Start of SUPPLIED RECORDS

lemma has_derivative_real2_partials:
  fixes f :: "real^2 \<Rightarrow> 'b::real_normed_vector"
  assumes "open U" "x \<in> U"
    and f1: "((\<lambda>s. f (x + s *\<^sub>R axis 1 1)) has_vector_derivative v) (at 0)"
    and f2: "\<And>z. z \<in> U \<Longrightarrow> ((\<lambda>s. f (z + s *\<^sub>R axis 2 1)) has_vector_derivative g z) (at 0)"
    and g: "continuous (at x) g"
  shows "(f has_derivative (\<lambda>h. h$1 *\<^sub>R v + h$2 *\<^sub>R g x)) (at x)"
proof (rule has_derivative_from_coordinates_real2)
  let ?p = "\<lambda>s t. x + s *\<^sub>R axis 1 1 + t *\<^sub>R axis 2 1"
  obtain r where "r > 0" "ball x r \<subseteq> U" using assms open_contains_ball by blast
  define B where "B = ball (0::real) (r / 2)"
  have 0: "0 \<in> B" "open B" "convex B" using \<open>r > 0\<close> by (auto simp: B_def)
  have p_in: "?p s t \<in> U" if "s \<in> B" "t \<in> B" for s t
  proof -
    have "norm (s *\<^sub>R axis 1 1 + t *\<^sub>R axis 2 (1::real) :: real^2) \<le> \<bar>s\<bar> + \<bar>t\<bar>"
      by (rule order_trans[OF norm_triangle_ineq]) simp
    moreover have "dist x (?p s t) = norm (s *\<^sub>R axis 1 1 + t *\<^sub>R axis 2 1 :: real^2)"
      by (simp only: dist_norm norm_minus_commute[of x] add.assoc add_diff_cancel_left')
    ultimately have "dist x (?p s t) < r" using that by (simp add: B_def)
    then show ?thesis using \<open>ball x r \<subseteq> U\<close> by auto
  qed
  have fs: "((\<lambda>s. f (?p s 0)) has_derivative (\<lambda>s. s *\<^sub>R v)) (at 0 within B)"
    using f1 unfolding has_vector_derivative_def by (auto intro: has_derivative_at_withinI)
  have ft: "((\<lambda>t. f (?p s t)) has_derivative blinfun_scaleR_left (g (?p s t))) (at t within B)"
    if "s \<in> B" "t \<in> B" for s t
  proof -
    have "((\<lambda>u. f (?p s t + u *\<^sub>R axis 2 1)) has_vector_derivative g (?p s t)) (at 0)"
      using f2[OF p_in[OF that]] .
    moreover have "(\<lambda>u. f (?p s (t + u))) = (\<lambda>u. f (?p s t + u *\<^sub>R axis 2 1))"
      by (simp add: algebra_simps)
    ultimately have "((\<lambda>t. f (?p s t)) has_vector_derivative g (?p s t)) (at t)"
      using has_vector_derivative_at_shift[of "\<lambda>t. f (?p s t)"] by simp
    then show ?thesis unfolding has_vector_derivative_def by (auto intro: has_derivative_at_withinI)
  qed
  have "continuous (at (0, 0)) (\<lambda>(s, t). blinfun_scaleR_left (g (?p s t)))"
  proof -
    have "continuous (at (0::real, 0::real)) (\<lambda>(s, t). ?p s t)"
      unfolding split_beta by (intro continuous_intros)
    then have "continuous (at (0::real, 0::real)) (g \<circ> (\<lambda>(s, t). ?p s t))"
      using g by (intro continuous_at_compose) simp_all
    then have "continuous (at (0::real, 0::real)) (blinfun_scaleR_left \<circ> (g \<circ> (\<lambda>(s, t). ?p s t)))"
      by (rule continuous_at_compose[OF _ linear_continuous_at[OF bounded_linear_blinfun_scaleR_left]])
    then show ?thesis unfolding o_def case_prod_unfold .
  qed
  then have "((\<lambda>(s, t). f (?p s t)) has_derivative (\<lambda>(s, t). s *\<^sub>R v + t *\<^sub>R g (?p 0 0)))
      (at (0, 0) within B \<times> B)"
    using has_derivative_partialsI[OF fs ft _ 0(1,3)] continuous_at_imp_continuous_at_within
    by (auto simp: split_beta')
  then show "((\<lambda>(s, t). f (?p s t)) has_derivative (\<lambda>(s, t). s *\<^sub>R v + t *\<^sub>R g x)) (at (0, 0))"
    using at_within_open[of "(0, 0)" "B \<times> B"] 0 by (simp add: open_Times)
qed

lemma smooth_on_has_derivative_real2:
  fixes F :: "real^2 \<Rightarrow> 'b::real_normed_vector"
  assumes "smooth_on U F" "open U" "p \<in> U"
  shows "(F has_derivative
      (\<lambda>h. h$1 *\<^sub>R partial_on U F (axis 1 1) p + h$2 *\<^sub>R partial_on U F (axis 2 1) p)) (at p)"
proof (rule has_derivative_real2_partials[OF assms(2,3)])
  show "((\<lambda>s. F (p + s *\<^sub>R axis 1 1)) has_vector_derivative partial_on U F (axis 1 1) p) (at 0)"
    using has_vector_derivative_partial_on[OF assms(1)] assms(3) by simp
  show "((\<lambda>s. F (z + s *\<^sub>R axis 2 1)) has_vector_derivative partial_on U F (axis 2 1) z) (at 0)"
    if "z \<in> U" for z
    using has_vector_derivative_partial_on[OF assms(1)] that by simp
  show "continuous (at p) (partial_on U F (axis 2 1))"
    using smooth_on_imp_continuous_on[OF smooth_on_partial_on[OF assms(1)]] assms(2,3)
    by (simp add: continuous_on_eq_continuous_at)
qed

lemma frechet_derivative_smooth_on_real2:
  fixes F :: "real^2 \<Rightarrow> 'b::real_normed_vector"
  assumes "smooth_on U F" "open U" "p \<in> U"
  shows "frechet_derivative F (at p) =
    (\<lambda>h. h$1 *\<^sub>R partial_on U F (axis 1 1) p + h$2 *\<^sub>R partial_on U F (axis 2 1) p)"
  using frechet_derivative_at[OF smooth_on_has_derivative_real2[OF assms]] by simp

lemma has_vector_derivative_smooth_on_comp:
  fixes F :: "real^2 \<Rightarrow> 'b::real_normed_vector"
  assumes "smooth_on U F" "open U" "\<alpha> t \<in> U" and \<alpha>: "(\<alpha> has_vector_derivative v) (at t)"
  shows "((\<lambda>t. F (\<alpha> t)) has_vector_derivative
      v$1 *\<^sub>R partial_on U F (axis 1 1) (\<alpha> t) + v$2 *\<^sub>R partial_on U F (axis 2 1) (\<alpha> t)) (at t)"
  using diff_chain_at[OF \<alpha>[unfolded has_vector_derivative_def] smooth_on_has_derivative_real2[OF assms(1-3)]]
  by (simp add: has_vector_derivative_def o_def scaleR_add_right)

lemma has_real_derivative_component:
  "(f has_vector_derivative f') (at t) \<Longrightarrow> ((\<lambda>t. f t $ i) has_real_derivative f' $ i) (at t)"
  using bounded_linear.has_vector_derivative[OF bounded_linear_vec_nth]
  by (simp add: has_real_derivative_iff_has_vector_derivative)

section \<open>Space curves\<close>

unbundle cross3_syntax

lemma has_real_derivative_inverse_norm:
  fixes V :: "real \<Rightarrow> 'a::real_inner"
  assumes V: "(V has_vector_derivative V') (at t)" and "V t \<noteq> 0"
  shows "((\<lambda>t. 1 / norm (V t)) has_real_derivative - (V t \<bullet> V') / norm (V t) ^ 3) (at t)"
proof -
  have "((\<lambda>t. norm (V t)) has_derivative (\<lambda>h. (h *\<^sub>R V') \<bullet> sgn (V t))) (at t)"
    using has_derivative_compose[OF V[unfolded has_vector_derivative_def]
        has_derivative_norm[OF \<open>V t \<noteq> 0\<close>]] .
  moreover have "(\<lambda>h. (h *\<^sub>R V') \<bullet> sgn (V t)) = (*) ((V t \<bullet> V') / norm (V t))"
    by (auto simp: sgn_div_norm inner_commute divide_inverse)
  ultimately have "((\<lambda>t. norm (V t)) has_real_derivative (V t \<bullet> V') / norm (V t)) (at t)"
    by (simp add: has_field_derivative_def)
  from DERIV_inverse_fun[OF this] show ?thesis
    using \<open>V t \<noteq> 0\<close> by (simp add: inverse_eq_divide power3_eq_cube power2_eq_square mult.assoc)
qed

lemma has_vector_derivative_normalize_parallel:
  fixes V :: "real \<Rightarrow> 'a::real_inner"
  assumes V: "(V has_vector_derivative q *\<^sub>R V t) (at t)" and "V t \<noteq> 0"
  shows "((\<lambda>t. (1 / norm (V t)) *\<^sub>R V t) has_vector_derivative 0) (at t)"
proof -
  have "(V t \<bullet> q *\<^sub>R V t) / norm (V t) ^ 3 = q / norm (V t)"
    using \<open>V t \<noteq> 0\<close> by (simp add: dot_square_norm power2_eq_square power3_eq_cube)
  then show ?thesis
    using has_vector_derivative_scaleR[OF has_real_derivative_inverse_norm[OF V \<open>V t \<noteq> 0\<close>] V]
    by simp
qed

lemma bounded_bilinear_cross: "bounded_bilinear cross3"
  using bilinear_cross bilinear_conv_bounded_bilinear by blast

lemma has_vector_derivative_cross:
  fixes f g :: "real \<Rightarrow> real^3"
  assumes "(f has_vector_derivative f') (at t)" "(g has_vector_derivative g') (at t)"
  shows "((\<lambda>t. f t \<times> g t) has_vector_derivative (f t \<times> g' + f' \<times> g t)) (at t)"
  using bounded_bilinear.has_vector_derivative[OF bounded_bilinear_cross assms] .

lemma cross_expand_unit_normal:
  fixes N T A :: "real^3"
  assumes "norm N = 1" "N \<bullet> T = 0"
  shows "(T \<bullet> T) *\<^sub>R (N \<times> A) = (A \<bullet> T) *\<^sub>R (N \<times> T) - (A \<bullet> (N \<times> T)) *\<^sub>R T"
proof -
  have "(T \<bullet> T) *\<^sub>R (N \<times> A) = (A \<bullet> T) *\<^sub>R (N \<times> T) + (N \<bullet> T) *\<^sub>R (T \<times> A) - (A \<bullet> (N \<times> T)) *\<^sub>R T"
    by (simp add: cross3_simps forall_3)
  then show ?thesis using assms by simp
qed

lemma cross_parallel_if_coplanar:
  fixes T A J :: "real^3"
  assumes "(T \<times> A) \<bullet> J = 0" "T \<times> A \<noteq> 0"
  shows "T \<times> J = (((T \<times> A) \<bullet> (T \<times> J)) / (norm (T \<times> A))\<^sup>2) *\<^sub>R (T \<times> A)"
proof -
  have "((T \<times> A) \<bullet> (T \<times> A)) *\<^sub>R (T \<times> J) - ((T \<times> A) \<bullet> (T \<times> J)) *\<^sub>R (T \<times> A)
      = ((T \<times> A) \<bullet> J) *\<^sub>R (T \<times> (T \<times> A))"
    by (simp add: cross3_simps forall_3)
  then have E: "(norm (T \<times> A))\<^sup>2 *\<^sub>R (T \<times> J) = ((T \<times> A) \<bullet> (T \<times> J)) *\<^sub>R (T \<times> A)"
    using assms(1) by (simp add: power2_norm_eq_inner)
  have "T \<times> J = (1 / (norm (T \<times> A))\<^sup>2) *\<^sub>R ((norm (T \<times> A))\<^sup>2 *\<^sub>R (T \<times> J))"
    using assms(2) by simp
  then show ?thesis unfolding E by simp
qed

End of SUPPLIED RECORDS

ACTIVITY | Within the material above, copy exactly the lines from the line that holds "t *\<^sub>R g x))" up to and including the line that holds "proof (rule has_derivative_real2_partials[OF".

ANSWER BELOW |
  then show "((\<lambda>(s, t). f (?p s t)) has_derivative (\<lambda>(s, t). s *\<^sub>R v + t *\<^sub>R g x)) (at (0, 0))"
    using at_within_open[of "(0, 0)" "B \<times> B"] 0 by (simp add: open_Times)
qed

lemma smooth_on_has_derivative_real2:
  fixes F :: "real^2 \<Rightarrow> 'b::real_normed_vector"
  assumes "smooth_on U F" "open U" "p \<in> U"
  shows "(F has_derivative
      (\<lambda>h. h$1 *\<^sub>R partial_on U F (axis 1 1) p + h$2 *\<^sub>R partial_on U F (axis 2 1) p)) (at p)"
proof (rule has_derivative_real2_partials[OF assms(2,3)])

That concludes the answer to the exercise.